• Records shown:
(* Under the standing assumptions of the context, with $C$ defined from $E$ and $\le$ as in the context, the order $\le$ is compatible with $C$, i.e. $x<y<z$ implies $C(x;y,z)\vee C(z;x,y)$; and $C$ satisfies (C8): whenever $C(x;y,z)$ holds there exist $w_1,w_2\in N$ with $C(w_1;y,z)\wedge C(x;y,w_1)\wedge w_1<\min\{y,z\}$ and $C(w_2;y,z)\wedge C(x;y,w_2)\wedge\max\{y,z\}<w_2$.
   Context: Standing assumptions: $(N,E)$ is a countably infinite 3-hypergraph (a set $N$ with a set $E$ of 3-element subsets, the edges) which is ${\le}4$-set-homogeneous (for $s\le4$, whenever $U,V\subseteq N$ of size $s$ carry isomorphic induced subhypergraphs there is $g\in \mathrm{Aut}(N,E)$ with $U^g=V$), and $\le$ is a total order on $N$ preserved by $\mathrm{Aut}(N,E)$. Moreover, for each $i\in\{1,2,3\}$ there is a 4-subset of $N$ containing exactly $i$ edges, and for all $u_1<u_2<u_3<u_4$ in $N$: if $\{u_1,\dots,u_4\}$ contains exactly one edge, it is $\{u_1,u_2,u_3\}$; if it contains exactly two edges, they are $\{u_1,u_3,u_4\}$ and $\{u_2,u_3,u_4\}$; if it contains exactly three edges, they are the three 3-subsets containing $u_1$. The relation $C$ on $N$ is: $C(x;y,z)$ iff either $y=z\ne x$; or $x,y,z$ distinct, $x<\min\{y,z\}$ and $\{x,y,z\}\in E$; or $x,y,z$ distinct, $\max\{y,z\}<x$ and $\{x,y,z\}\notin E$. *)

theory Defs
  imports Main "HOL-Library.Countable_Set"
begin

definition hypergraph3 :: "'a set \<Rightarrow> 'a set set \<Rightarrow> bool" where
  "hypergraph3 N E \<longleftrightarrow> (\<forall>e\<in>E. e \<subseteq> N \<and> card e = 3)"

definition hg_aut :: "'a set \<Rightarrow> 'a set set \<Rightarrow> ('a \<Rightarrow> 'a) \<Rightarrow> bool" where
  "hg_aut N E g \<longleftrightarrow> bij_betw g N N \<and> (\<forall>A. A \<subseteq> N \<longrightarrow> (A \<in> E \<longleftrightarrow> g ` A \<in> E))"

definition induced_iso :: "'a set set \<Rightarrow> 'a set \<Rightarrow> 'a set \<Rightarrow> bool" where
  "induced_iso E U V \<longleftrightarrow> (\<exists>f. bij_betw f U V \<and> (\<forall>A. A \<subseteq> U \<longrightarrow> (A \<in> E \<longleftrightarrow> f ` A \<in> E)))"

definition le4_set_homogeneous :: "'a set \<Rightarrow> 'a set set \<Rightarrow> bool" where
  "le4_set_homogeneous N E \<longleftrightarrow>
     (\<forall>U V. U \<subseteq> N \<and> V \<subseteq> N \<and> finite U \<and> finite V \<and> card U \<le> 4 \<and> card V = card U
        \<and> induced_iso E U V \<longrightarrow> (\<exists>g. hg_aut N E g \<and> g ` U = V))"

definition lt :: "'a rel \<Rightarrow> 'a \<Rightarrow> 'a \<Rightarrow> bool" where
  "lt R x y \<longleftrightarrow> (x, y) \<in> R \<and> x \<noteq> y"

definition n_edges :: "'a set set \<Rightarrow> 'a set \<Rightarrow> nat" where
  "n_edges E U = card {e\<in>E. e \<subseteq> U}"

definition Crel :: "'a set set \<Rightarrow> 'a rel \<Rightarrow> 'a \<Rightarrow> 'a \<Rightarrow> 'a \<Rightarrow> bool" where
  "Crel E R x y z \<longleftrightarrow>
     (y = z \<and> z \<noteq> x)
   \<or> (x \<noteq> y \<and> y \<noteq> z \<and> x \<noteq> z \<and> lt R x y \<and> lt R x z \<and> {x, y, z} \<in> E)
   \<or> (x \<noteq> y \<and> y \<noteq> z \<and> x \<noteq> z \<and> lt R y x \<and> lt R z x \<and> {x, y, z} \<notin> E)"

definition standing_assms :: "'a set \<Rightarrow> 'a set set \<Rightarrow> 'a rel \<Rightarrow> bool" where
  "standing_assms N E R \<longleftrightarrow>
     countable N \<and> infinite N \<and> hypergraph3 N E \<and> le4_set_homogeneous N E
   \<and> linear_order_on N R
   \<and> (\<forall>g x y. hg_aut N E g \<and> x \<in> N \<and> y \<in> N \<and> (x, y) \<in> R \<longrightarrow> (g x, g y) \<in> R)
   \<and> (\<forall>i\<in>{1,2,3::nat}. \<exists>U. U \<subseteq> N \<and> card U = 4 \<and> n_edges E U = i)
   \<and> (\<forall>u1 u2 u3 u4. u1 \<in> N \<and> u2 \<in> N \<and> u3 \<in> N \<and> u4 \<in> N
        \<and> lt R u1 u2 \<and> lt R u2 u3 \<and> lt R u3 u4 \<longrightarrow>
        (n_edges E {u1,u2,u3,u4} = 1 \<longrightarrow> {e\<in>E. e \<subseteq> {u1,u2,u3,u4}} = {{u1,u2,u3}})
      \<and> (n_edges E {u1,u2,u3,u4} = 2 \<longrightarrow> {e\<in>E. e \<subseteq> {u1,u2,u3,u4}} = {{u1,u3,u4},{u2,u3,u4}})
      \<and> (n_edges E {u1,u2,u3,u4} = 3 \<longrightarrow> {e\<in>E. e \<subseteq> {u1,u2,u3,u4}} = {{u1,u2,u3},{u1,u2,u4},{u1,u3,u4}}))"

end

theory Submission
  imports Defs
begin

(* By <=4-set-homogeneity, and since automorphisms preserve the order, Aut(N,E) is transitive
   on increasing pairs and on increasing triples of each edge type.  The prescribed edge
   patterns of 4-sets with one, two or three edges each contain exactly one of the two "end"
   triples {u1,u2,u3}, {u2,u3,u4} of the chain u1 < u2 < u3 < u4; so a chain whose end triples
   agree is complete or empty, and gluing the one- and three-edge patterns produces both kinds.
   Moving these four 4-point patterns onto the triple (x, y, z) by an automorphism yields the
   points w1, w2 demanded by (C8); compatibility of the order with C is read off the
   definition. *)

lemma lt_trans:
  assumes "linear_order_on N R" "lt R x y" "lt R y z"
  shows "lt R x z"
  using assms unfolding linear_order_on_def partial_order_on_def preorder_on_def lt_def
    trans_def antisym_def
  by blast

lemma lt_asym: "linear_order_on N R \<Longrightarrow> lt R x y \<Longrightarrow> \<not> lt R y x"
  unfolding linear_order_on_def partial_order_on_def lt_def antisym_def by blast

lemma lt_total: "linear_order_on N R \<Longrightarrow> x \<in> N \<Longrightarrow> y \<in> N \<Longrightarrow> x \<noteq> y \<Longrightarrow> lt R x y \<or> lt R y x"
  unfolding linear_order_on_def total_on_def lt_def by blast

lemma lt_imp_neq: "lt R x y \<Longrightarrow> x \<noteq> y"
  by (simp add: lt_def)

lemma lt_wlog [consumes 4, case_names less sym]:
  assumes "linear_order_on N R" "a \<in> N" "b \<in> N" "a \<noteq> b"
    and "\<And>a b. a \<in> N \<Longrightarrow> b \<in> N \<Longrightarrow> lt R a b \<Longrightarrow> P a b"
    and "\<And>a b. a \<in> N \<Longrightarrow> b \<in> N \<Longrightarrow> P b a \<Longrightarrow> P a b"
  shows "P a b"
  using lt_total[OF assms(1-4)] assms(2,3,5,6) by blast

lemma sorted_wrt_lt_distinct: "sorted_wrt (lt R) xs \<Longrightarrow> distinct xs"
  by (induction xs) (auto simp: lt_def)

lemma exists_least:
  assumes "linear_order_on N R" "finite S" "S \<noteq> {}" "S \<subseteq> N"
  shows "\<exists>m\<in>S. \<forall>s\<in>S - {m}. lt R m s"
  using assms(2-4)
proof (induction S rule: finite_ne_induct)
  case (insert x F)
  then obtain m where m: "m \<in> F" "\<forall>s\<in>F - {m}. lt R m s" by blast
  have "x \<noteq> m" using m(1) insert.hyps by blast
  then consider "lt R x m" | "lt R m x" using lt_total[OF assms(1)] m(1) insert.prems by blast
  then show ?case
  proof cases
    case 1
    have "lt R x s" if "s \<in> F" "s \<noteq> x" for s
    proof (cases "s = m")
      case False
      then show ?thesis using lt_trans[OF assms(1) 1] m(2) that by blast
    qed (use 1 in simp)
    then show ?thesis by blast
  qed (use m in blast)
qed simp

lemma exists_sorted_listing:
  assumes "linear_order_on N R" "finite S" "S \<subseteq> N"
  shows "\<exists>xs. set xs = S \<and> sorted_wrt (lt R) xs"
  using assms(2,3)
proof (induction S rule: finite_remove_induct)
  case (remove A)
  obtain m where m: "m \<in> A" "\<forall>s\<in>A - {m}. lt R m s"
    using exists_least[OF assms(1) remove.hyps(1,2) remove.prems] by blast
  obtain xs where "set xs = A - {m}" "sorted_wrt (lt R) xs"
    using remove.IH[OF m(1)] remove.prems by blast
  then have "set (m # xs) = A \<and> sorted_wrt (lt R) (m # xs)" using m by auto
  then show ?case by blast
qed simp

lemma sorted_listing_unique:
  assumes "linear_order_on N R" "sorted_wrt (lt R) xs" "sorted_wrt (lt R) ys" "set xs = set ys"
  shows "xs = ys"
  using assms(2-4)
proof (induction xs arbitrary: ys)
  case (Cons x xs)
  then obtain y ys' where ys: "ys = y # ys'" by (cases ys) auto
  have "x \<in> set (y # ys')" "y \<in> set (x # xs)" using Cons.prems(3) ys by auto
  then have "x = y" using Cons.prems(1,2) lt_asym[OF assms(1), of x y] unfolding ys by auto
  moreover have "x \<notin> set xs" "y \<notin> set ys'" using Cons.prems unfolding ys by (auto simp: lt_def)
  ultimately have "set xs = set ys'" using Cons.prems(3) unfolding ys by auto
  then show ?case using Cons ys \<open>x = y\<close> by simp
qed simp

lemma sorted_listing_card4:
  assumes "linear_order_on N R" "U \<subseteq> N" "card U = 4"
  obtains u1 u2 u3 u4 where "U = {u1, u2, u3, u4}" "sorted_wrt (lt R) [u1, u2, u3, u4]"
proof -
  have "finite U" using assms(3) card.infinite by fastforce
  then obtain xs where xs: "set xs = U" "sorted_wrt (lt R) xs"
    using exists_sorted_listing[OF assms(1) _ assms(2)] by blast
  then have "length xs = 4" using assms(3) distinct_card[OF sorted_wrt_lt_distinct] by metis
  then obtain u1 u2 u3 u4 where "xs = [u1, u2, u3, u4]"
    by (auto simp: length_Suc_conv numeral_eq_Suc)
  with xs that show ?thesis by auto
qed

lemma chain4_triples_distinct:
  assumes "distinct [a, b, c, d]"
  shows "{a, b, c} \<noteq> {a, b, d}" "{a, b, c} \<noteq> {a, c, d}" "{a, b, c} \<noteq> {b, c, d}"
    "{a, b, d} \<noteq> {a, c, d}" "{a, b, d} \<noteq> {b, c, d}" "{a, c, d} \<noteq> {b, c, d}"
  using assms by (metis distinct_length_2_or_more insertE insertI1 insert_commute singletonD)+

lemma three_subset_of_four:
  assumes "distinct [a, b, c, d]" "T \<subseteq> {a, b, c, d}" "card T = 3"
  shows "T \<in> {{a, b, c}, {a, b, d}, {a, c, d}, {b, c, d}}"
proof -
  have "card {a, b, c, d} = 4" using assms(1) by simp
  then have "T \<noteq> {a, b, c, d}" using assms(3) by auto
  then obtain t where t: "t \<in> {a, b, c, d}" "t \<notin> T" using assms(2) by blast
  then have "T \<subseteq> {a, b, c, d} - {t}" using assms(2) by blast
  moreover have "card ({a, b, c, d} - {t}) = 3" using \<open>card {a, b, c, d} = 4\<close> t(1) by simp
  ultimately have "T = {a, b, c, d} - {t}" using assms(3) by (simp add: card_seteq)
  with t(1) assms(1) show ?thesis by auto
qed

lemma edges_within_iff: "{e\<in>E. e \<subseteq> U} = S \<Longrightarrow> T \<subseteq> U \<Longrightarrow> T \<in> E \<longleftrightarrow> T \<in> S"
  by blast

lemma Crel_equal: "y \<noteq> x \<Longrightarrow> Crel E R x y y"
  by (simp add: Crel_def)

lemma Crel_below: "lt R x y \<Longrightarrow> lt R x z \<Longrightarrow> y \<noteq> z \<Longrightarrow> {x, y, z} \<in> E \<Longrightarrow> Crel E R x y z"
  unfolding Crel_def lt_def by blast

lemma Crel_above: "lt R y x \<Longrightarrow> lt R z x \<Longrightarrow> y \<noteq> z \<Longrightarrow> {x, y, z} \<notin> E \<Longrightarrow> Crel E R x y z"
  unfolding Crel_def lt_def by blast

lemma Crel_cases [consumes 1, case_names equal below above]:
  assumes "Crel E R x y z"
  obtains "y = z" "z \<noteq> x"
    | "y \<noteq> z" "lt R x y" "lt R x z" "{x, y, z} \<in> E"
    | "y \<noteq> z" "lt R y x" "lt R z x" "{x, y, z} \<notin> E"
  using assms unfolding Crel_def by blast

locale ordered_homogeneous_hypergraph =
  fixes N :: "'a set" and E :: "'a set set" and R :: "'a rel"
  assumes standing: "standing_assms N E R"
begin

lemma linear: "linear_order_on N R"
  using standing by (simp add: standing_assms_def)

lemma edge_card: "e \<in> E \<Longrightarrow> card e = 3"
  using standing by (simp add: standing_assms_def hypergraph3_def)

lemma pair_not_edge: "{a, b} \<notin> E"
  using edge_card[of "{a, b}"] by (auto simp: card_insert_if split: if_splits)

lemma aut_in: "hg_aut N E g \<Longrightarrow> x \<in> N \<Longrightarrow> g x \<in> N"
  unfolding hg_aut_def by (meson bij_betw_apply)

lemma aut_lt:
  assumes "hg_aut N E g" "x \<in> N" "y \<in> N" "lt R x y"
  shows "lt R (g x) (g y)"
proof -
  have "\<forall>g x y. hg_aut N E g \<and> x \<in> N \<and> y \<in> N \<and> (x, y) \<in> R \<longrightarrow> (g x, g y) \<in> R"
    using standing by (simp add: standing_assms_def)
  then have "(g x, g y) \<in> R" using assms unfolding lt_def by blast
  moreover have "g x \<noteq> g y"
    using assms unfolding hg_aut_def bij_betw_def inj_on_def lt_def by blast
  ultimately show ?thesis by (simp add: lt_def)
qed

lemma aut_triple_edge_iff:
  assumes "hg_aut N E g" "a \<in> N" "b \<in> N" "c \<in> N"
  shows "{g a, g b, g c} \<in> E \<longleftrightarrow> {a, b, c} \<in> E"
proof -
  have "{a, b, c} \<subseteq> N" using assms(2-4) by blast
  then show ?thesis using assms(1) unfolding hg_aut_def by auto
qed

lemma edge_within_small_set:
  assumes "finite U" "card U \<le> 3" "A \<subseteq> U" "A \<in> E"
  shows "A = U"
proof -
  have "card U \<le> card A" using edge_card[OF assms(4)] assms(2) by simp
  then show ?thesis using card_seteq[OF assms(1,3)] by blast
qed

• Exercise objective:
Each line in the entries above, starting at the line with "x z \<Longrightarrow>" and ending at the line with "lemma Crel_cases [consumes", is to be printed exactly, and only those lines.

• Answer to this task:
lemma Crel_below: "lt R x y \<Longrightarrow> lt R x z \<Longrightarrow> y \<noteq> z \<Longrightarrow> {x, y, z} \<in> E \<Longrightarrow> Crel E R x y z"
  unfolding Crel_def lt_def by blast

lemma Crel_above: "lt R y x \<Longrightarrow> lt R z x \<Longrightarrow> y \<noteq> z \<Longrightarrow> {x, y, z} \<notin> E \<Longrightarrow> Crel E R x y z"
  unfolding Crel_def lt_def by blast

lemma Crel_cases [consumes 1, case_names equal below above]:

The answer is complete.